== Data records ==

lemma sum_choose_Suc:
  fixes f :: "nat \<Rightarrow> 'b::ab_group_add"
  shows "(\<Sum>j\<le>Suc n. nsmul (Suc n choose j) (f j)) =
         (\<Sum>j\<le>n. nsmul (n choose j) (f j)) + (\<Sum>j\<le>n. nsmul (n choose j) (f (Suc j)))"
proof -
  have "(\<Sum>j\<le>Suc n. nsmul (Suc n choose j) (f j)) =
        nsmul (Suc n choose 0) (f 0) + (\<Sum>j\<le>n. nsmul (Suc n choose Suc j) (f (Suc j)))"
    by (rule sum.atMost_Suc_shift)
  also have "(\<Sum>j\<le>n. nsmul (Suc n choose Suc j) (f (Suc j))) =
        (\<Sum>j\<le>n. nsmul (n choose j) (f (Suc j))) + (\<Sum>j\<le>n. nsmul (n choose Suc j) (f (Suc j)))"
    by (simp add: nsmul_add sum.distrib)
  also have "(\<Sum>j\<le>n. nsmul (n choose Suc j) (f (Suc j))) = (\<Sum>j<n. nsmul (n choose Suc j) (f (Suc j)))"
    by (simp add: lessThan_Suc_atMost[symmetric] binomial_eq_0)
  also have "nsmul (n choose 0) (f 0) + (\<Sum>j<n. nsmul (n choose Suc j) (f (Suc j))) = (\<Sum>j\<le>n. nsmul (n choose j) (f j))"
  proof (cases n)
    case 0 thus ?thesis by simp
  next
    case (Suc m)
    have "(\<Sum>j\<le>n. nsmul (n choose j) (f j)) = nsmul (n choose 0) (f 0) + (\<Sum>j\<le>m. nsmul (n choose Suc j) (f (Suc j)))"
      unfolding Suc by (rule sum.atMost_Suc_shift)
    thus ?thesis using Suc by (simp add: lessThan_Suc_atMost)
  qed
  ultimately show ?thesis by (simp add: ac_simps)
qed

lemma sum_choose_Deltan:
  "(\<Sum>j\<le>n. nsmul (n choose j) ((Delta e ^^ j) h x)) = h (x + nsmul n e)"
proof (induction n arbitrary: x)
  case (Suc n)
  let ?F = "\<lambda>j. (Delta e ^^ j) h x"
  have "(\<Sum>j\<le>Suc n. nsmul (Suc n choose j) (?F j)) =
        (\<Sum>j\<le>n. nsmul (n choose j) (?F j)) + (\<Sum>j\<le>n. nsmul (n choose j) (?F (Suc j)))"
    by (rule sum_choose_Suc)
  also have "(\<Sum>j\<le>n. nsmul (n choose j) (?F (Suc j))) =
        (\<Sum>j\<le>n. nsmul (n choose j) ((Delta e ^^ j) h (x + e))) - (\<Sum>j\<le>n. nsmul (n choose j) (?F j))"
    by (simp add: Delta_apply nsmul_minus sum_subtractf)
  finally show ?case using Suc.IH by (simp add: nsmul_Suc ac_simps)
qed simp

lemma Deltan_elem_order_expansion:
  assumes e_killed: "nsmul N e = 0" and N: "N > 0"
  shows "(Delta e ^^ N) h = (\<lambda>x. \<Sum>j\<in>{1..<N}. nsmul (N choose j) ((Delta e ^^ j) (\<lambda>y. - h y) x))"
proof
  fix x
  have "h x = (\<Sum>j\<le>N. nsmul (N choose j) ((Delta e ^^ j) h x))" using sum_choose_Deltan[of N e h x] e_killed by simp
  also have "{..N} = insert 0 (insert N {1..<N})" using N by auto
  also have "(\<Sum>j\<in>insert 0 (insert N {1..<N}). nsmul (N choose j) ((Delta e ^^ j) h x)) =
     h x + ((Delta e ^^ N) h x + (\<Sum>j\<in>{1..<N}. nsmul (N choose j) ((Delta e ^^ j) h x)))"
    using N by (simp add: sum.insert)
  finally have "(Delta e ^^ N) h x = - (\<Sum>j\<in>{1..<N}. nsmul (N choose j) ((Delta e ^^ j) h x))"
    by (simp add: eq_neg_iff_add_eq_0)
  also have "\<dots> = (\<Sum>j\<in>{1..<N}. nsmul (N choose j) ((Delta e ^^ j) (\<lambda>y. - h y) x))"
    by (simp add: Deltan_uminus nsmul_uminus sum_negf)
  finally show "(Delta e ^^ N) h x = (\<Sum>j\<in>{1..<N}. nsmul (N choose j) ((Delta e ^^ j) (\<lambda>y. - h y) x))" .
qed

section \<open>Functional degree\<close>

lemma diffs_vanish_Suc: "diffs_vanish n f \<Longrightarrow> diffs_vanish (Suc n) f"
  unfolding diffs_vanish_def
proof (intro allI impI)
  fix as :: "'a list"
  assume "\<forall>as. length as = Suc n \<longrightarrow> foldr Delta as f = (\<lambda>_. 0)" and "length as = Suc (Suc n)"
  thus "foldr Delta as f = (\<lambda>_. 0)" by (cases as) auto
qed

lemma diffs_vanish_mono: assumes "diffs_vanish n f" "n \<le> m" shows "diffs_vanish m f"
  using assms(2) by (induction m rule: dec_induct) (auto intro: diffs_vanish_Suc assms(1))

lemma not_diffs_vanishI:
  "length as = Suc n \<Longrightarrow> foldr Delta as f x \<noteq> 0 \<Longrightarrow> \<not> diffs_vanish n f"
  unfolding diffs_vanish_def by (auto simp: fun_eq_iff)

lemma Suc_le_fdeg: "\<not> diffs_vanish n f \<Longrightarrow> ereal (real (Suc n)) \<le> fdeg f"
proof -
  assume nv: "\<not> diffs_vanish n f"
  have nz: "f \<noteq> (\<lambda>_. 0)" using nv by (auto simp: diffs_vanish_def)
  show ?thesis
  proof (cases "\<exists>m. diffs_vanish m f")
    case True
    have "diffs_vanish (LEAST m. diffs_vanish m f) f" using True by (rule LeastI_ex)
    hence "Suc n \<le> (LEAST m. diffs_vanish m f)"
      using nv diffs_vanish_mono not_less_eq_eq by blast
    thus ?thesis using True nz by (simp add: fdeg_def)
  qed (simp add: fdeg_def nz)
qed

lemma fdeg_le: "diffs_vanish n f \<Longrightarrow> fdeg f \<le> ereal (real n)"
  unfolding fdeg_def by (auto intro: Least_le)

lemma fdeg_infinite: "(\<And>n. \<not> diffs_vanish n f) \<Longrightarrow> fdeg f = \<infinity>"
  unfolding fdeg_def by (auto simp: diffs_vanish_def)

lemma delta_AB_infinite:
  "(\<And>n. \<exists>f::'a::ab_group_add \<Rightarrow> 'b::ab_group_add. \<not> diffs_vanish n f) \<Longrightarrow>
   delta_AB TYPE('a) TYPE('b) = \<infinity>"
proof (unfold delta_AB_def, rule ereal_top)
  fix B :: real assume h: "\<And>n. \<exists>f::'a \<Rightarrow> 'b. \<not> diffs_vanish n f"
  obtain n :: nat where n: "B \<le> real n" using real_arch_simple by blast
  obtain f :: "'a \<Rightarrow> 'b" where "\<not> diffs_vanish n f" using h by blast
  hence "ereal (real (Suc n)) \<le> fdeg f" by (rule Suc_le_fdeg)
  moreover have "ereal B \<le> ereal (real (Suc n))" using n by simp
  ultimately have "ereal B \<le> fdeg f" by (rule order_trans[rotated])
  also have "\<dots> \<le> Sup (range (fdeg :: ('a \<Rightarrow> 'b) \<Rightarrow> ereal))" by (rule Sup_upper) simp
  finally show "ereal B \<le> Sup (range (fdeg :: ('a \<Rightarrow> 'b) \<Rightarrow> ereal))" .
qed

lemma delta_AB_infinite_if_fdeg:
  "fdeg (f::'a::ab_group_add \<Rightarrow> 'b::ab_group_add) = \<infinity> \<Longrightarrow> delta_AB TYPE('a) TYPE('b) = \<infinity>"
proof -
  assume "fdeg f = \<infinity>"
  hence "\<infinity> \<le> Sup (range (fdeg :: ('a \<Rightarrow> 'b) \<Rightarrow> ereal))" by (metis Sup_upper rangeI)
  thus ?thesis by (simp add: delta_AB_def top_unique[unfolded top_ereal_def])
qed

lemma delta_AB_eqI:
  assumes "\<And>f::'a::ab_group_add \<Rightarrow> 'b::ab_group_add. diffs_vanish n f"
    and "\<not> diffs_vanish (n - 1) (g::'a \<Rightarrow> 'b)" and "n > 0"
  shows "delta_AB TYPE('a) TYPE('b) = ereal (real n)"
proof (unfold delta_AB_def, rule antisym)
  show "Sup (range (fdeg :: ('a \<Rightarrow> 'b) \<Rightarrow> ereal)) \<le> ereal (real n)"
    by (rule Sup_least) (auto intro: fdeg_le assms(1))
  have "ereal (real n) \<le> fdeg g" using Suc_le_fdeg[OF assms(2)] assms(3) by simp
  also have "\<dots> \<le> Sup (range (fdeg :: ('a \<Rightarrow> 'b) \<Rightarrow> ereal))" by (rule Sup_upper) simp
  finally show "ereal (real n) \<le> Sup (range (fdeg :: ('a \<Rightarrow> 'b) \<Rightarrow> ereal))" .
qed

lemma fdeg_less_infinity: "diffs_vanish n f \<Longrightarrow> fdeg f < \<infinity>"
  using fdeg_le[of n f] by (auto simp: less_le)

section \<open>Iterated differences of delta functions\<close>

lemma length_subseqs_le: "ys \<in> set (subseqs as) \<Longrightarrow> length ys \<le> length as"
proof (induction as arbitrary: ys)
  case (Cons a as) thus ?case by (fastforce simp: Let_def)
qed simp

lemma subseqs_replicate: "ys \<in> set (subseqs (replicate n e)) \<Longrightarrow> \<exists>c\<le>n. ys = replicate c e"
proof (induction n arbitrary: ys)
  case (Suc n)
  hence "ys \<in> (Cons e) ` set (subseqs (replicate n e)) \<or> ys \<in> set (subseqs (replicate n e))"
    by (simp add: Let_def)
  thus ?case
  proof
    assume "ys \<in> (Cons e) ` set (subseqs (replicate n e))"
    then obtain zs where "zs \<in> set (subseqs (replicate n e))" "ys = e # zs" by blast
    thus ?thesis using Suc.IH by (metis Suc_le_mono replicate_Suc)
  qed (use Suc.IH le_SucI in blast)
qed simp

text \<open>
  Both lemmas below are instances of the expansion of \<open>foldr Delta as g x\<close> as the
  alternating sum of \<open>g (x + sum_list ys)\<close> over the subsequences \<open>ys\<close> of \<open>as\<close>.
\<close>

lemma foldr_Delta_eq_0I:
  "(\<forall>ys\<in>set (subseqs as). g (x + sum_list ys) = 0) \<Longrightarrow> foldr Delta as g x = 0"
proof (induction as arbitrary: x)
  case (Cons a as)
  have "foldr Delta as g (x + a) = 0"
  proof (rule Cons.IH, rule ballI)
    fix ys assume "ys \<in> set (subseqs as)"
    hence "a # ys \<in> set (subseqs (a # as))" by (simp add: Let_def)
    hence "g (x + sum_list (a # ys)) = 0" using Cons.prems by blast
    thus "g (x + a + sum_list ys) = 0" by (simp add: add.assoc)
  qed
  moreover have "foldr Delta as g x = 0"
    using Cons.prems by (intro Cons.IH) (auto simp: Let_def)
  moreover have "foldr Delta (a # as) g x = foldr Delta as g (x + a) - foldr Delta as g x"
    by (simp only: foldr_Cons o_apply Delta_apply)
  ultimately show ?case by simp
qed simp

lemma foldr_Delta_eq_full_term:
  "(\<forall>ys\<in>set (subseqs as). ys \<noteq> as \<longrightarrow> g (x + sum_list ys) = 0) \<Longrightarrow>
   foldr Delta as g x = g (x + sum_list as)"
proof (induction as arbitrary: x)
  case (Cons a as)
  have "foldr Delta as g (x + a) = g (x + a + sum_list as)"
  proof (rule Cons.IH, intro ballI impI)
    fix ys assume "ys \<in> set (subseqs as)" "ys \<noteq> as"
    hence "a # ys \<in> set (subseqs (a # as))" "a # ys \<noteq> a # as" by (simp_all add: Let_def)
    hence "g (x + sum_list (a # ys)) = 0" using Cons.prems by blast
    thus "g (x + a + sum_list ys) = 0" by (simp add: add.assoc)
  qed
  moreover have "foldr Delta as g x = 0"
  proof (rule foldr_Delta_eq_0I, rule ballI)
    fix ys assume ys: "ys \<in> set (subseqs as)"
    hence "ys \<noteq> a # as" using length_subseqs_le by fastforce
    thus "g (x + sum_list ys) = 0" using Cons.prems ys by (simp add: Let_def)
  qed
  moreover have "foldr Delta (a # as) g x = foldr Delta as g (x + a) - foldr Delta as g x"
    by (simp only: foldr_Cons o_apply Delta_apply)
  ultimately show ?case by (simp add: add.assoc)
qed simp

===
== Data records ==

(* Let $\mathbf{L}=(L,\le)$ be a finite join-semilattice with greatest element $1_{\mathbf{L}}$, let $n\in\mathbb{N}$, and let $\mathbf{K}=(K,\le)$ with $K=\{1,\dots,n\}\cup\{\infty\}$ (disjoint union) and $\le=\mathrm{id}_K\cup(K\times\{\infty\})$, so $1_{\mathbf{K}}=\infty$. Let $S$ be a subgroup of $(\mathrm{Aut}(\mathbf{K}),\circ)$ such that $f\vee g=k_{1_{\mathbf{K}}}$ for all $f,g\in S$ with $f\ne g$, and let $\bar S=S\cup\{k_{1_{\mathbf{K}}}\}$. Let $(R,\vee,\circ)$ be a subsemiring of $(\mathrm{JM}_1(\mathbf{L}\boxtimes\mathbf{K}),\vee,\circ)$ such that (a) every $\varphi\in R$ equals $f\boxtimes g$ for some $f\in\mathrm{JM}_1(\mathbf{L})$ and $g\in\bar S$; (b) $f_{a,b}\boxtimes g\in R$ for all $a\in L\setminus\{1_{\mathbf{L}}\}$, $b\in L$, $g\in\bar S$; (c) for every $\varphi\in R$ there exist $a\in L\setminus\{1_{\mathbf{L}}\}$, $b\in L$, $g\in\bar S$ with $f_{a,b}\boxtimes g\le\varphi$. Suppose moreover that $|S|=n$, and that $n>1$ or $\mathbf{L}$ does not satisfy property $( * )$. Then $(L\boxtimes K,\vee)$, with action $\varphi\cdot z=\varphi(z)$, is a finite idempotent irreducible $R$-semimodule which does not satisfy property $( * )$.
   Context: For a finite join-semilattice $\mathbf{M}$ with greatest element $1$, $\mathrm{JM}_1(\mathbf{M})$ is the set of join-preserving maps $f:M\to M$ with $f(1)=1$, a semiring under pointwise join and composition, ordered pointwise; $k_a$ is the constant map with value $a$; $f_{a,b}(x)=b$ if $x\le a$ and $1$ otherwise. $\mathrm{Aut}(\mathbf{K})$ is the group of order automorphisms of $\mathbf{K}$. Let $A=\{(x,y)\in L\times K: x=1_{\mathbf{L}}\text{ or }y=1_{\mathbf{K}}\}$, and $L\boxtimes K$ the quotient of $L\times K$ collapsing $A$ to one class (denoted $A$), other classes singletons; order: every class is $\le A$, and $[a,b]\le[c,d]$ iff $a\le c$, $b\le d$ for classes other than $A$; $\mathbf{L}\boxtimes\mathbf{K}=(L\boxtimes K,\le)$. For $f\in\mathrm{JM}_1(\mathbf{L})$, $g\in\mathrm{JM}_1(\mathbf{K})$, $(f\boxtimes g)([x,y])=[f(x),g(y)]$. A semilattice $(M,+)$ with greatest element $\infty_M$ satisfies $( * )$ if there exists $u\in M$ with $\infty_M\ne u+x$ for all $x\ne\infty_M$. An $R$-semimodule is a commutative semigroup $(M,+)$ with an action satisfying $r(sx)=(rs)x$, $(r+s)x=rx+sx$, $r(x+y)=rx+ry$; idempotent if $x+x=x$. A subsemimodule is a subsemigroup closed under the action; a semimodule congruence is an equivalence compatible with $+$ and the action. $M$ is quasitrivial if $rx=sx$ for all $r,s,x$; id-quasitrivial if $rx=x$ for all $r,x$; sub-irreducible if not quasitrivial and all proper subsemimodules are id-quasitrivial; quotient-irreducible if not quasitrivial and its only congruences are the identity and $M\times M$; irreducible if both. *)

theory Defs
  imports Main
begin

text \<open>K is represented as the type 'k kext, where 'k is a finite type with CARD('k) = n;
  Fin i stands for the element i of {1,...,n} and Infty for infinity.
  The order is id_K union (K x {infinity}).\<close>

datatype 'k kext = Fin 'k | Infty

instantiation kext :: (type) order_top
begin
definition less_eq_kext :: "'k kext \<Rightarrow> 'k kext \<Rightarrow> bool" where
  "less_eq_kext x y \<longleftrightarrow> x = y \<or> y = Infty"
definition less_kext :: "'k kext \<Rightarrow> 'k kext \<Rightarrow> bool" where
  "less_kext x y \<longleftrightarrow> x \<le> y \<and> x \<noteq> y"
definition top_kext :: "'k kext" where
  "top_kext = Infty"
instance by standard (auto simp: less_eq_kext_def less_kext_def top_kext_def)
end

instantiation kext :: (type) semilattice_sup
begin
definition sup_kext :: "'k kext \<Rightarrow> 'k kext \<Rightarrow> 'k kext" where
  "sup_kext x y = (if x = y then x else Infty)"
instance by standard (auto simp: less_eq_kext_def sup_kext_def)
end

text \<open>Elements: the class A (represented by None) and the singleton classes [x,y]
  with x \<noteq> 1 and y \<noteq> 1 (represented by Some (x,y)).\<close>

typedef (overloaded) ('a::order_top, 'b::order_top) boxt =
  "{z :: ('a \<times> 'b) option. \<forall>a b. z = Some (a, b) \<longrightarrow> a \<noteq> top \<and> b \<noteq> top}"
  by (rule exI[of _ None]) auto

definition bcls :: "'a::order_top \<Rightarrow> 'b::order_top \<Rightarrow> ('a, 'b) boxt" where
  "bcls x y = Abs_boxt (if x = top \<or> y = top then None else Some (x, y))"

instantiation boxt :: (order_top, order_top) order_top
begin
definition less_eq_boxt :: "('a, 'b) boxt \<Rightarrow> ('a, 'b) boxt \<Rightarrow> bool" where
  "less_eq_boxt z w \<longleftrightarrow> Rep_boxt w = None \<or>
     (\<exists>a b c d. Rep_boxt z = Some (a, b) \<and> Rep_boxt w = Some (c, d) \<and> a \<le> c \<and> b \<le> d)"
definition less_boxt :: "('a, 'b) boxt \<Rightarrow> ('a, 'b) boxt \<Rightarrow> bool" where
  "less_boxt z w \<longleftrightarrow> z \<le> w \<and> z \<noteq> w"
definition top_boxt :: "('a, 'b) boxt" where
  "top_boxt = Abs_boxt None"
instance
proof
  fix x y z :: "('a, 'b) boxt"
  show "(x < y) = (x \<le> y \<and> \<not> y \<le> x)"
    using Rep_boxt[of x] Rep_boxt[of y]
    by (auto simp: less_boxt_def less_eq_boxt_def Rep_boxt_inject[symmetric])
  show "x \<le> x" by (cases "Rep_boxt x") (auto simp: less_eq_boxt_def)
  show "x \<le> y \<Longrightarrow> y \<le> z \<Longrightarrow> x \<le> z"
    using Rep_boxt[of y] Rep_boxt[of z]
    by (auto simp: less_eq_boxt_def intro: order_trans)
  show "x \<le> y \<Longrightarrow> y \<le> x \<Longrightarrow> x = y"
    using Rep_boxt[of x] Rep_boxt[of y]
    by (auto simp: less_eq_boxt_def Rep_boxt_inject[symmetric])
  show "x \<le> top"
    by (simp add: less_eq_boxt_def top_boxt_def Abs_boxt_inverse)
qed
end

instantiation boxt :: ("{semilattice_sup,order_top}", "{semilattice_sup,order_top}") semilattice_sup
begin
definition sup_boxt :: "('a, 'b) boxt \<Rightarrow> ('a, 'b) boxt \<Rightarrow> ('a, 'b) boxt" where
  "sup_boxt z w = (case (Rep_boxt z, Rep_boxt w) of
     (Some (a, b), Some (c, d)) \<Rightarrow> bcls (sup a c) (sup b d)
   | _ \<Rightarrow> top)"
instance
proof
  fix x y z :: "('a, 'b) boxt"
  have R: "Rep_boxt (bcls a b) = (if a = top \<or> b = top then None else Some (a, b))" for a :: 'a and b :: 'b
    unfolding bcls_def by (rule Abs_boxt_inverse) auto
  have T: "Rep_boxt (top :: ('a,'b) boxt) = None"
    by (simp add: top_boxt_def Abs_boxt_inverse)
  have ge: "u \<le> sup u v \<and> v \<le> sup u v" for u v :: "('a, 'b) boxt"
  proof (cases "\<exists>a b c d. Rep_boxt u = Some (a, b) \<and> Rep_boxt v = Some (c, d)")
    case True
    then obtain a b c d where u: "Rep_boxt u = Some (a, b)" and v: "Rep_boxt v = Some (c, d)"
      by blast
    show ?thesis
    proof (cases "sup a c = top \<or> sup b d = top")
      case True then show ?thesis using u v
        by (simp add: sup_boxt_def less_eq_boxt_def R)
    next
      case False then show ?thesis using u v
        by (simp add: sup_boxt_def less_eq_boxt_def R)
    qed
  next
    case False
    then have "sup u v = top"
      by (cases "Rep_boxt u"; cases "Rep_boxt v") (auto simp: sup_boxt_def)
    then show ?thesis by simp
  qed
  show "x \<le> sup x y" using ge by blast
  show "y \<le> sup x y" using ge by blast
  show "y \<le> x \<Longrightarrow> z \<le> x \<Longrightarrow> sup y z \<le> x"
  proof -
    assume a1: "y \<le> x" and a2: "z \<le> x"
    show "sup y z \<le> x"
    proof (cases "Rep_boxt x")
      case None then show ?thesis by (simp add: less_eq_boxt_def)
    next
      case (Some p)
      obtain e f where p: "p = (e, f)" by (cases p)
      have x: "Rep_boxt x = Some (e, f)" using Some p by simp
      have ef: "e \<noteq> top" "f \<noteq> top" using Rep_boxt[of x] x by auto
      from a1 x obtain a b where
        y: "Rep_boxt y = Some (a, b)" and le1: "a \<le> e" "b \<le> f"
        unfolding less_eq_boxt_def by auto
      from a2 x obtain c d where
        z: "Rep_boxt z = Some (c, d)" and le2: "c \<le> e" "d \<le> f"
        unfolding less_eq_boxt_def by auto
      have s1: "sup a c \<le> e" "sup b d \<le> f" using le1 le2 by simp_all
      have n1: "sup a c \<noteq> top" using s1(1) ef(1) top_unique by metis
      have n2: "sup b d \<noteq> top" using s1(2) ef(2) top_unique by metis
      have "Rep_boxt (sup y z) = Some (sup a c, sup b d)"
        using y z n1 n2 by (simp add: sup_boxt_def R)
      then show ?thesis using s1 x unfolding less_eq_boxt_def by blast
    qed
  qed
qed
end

===

- **Aim of the task**:
State the number of lines in the records that contain the string "section", and nothing more.

- **Solution for this exercise**:
2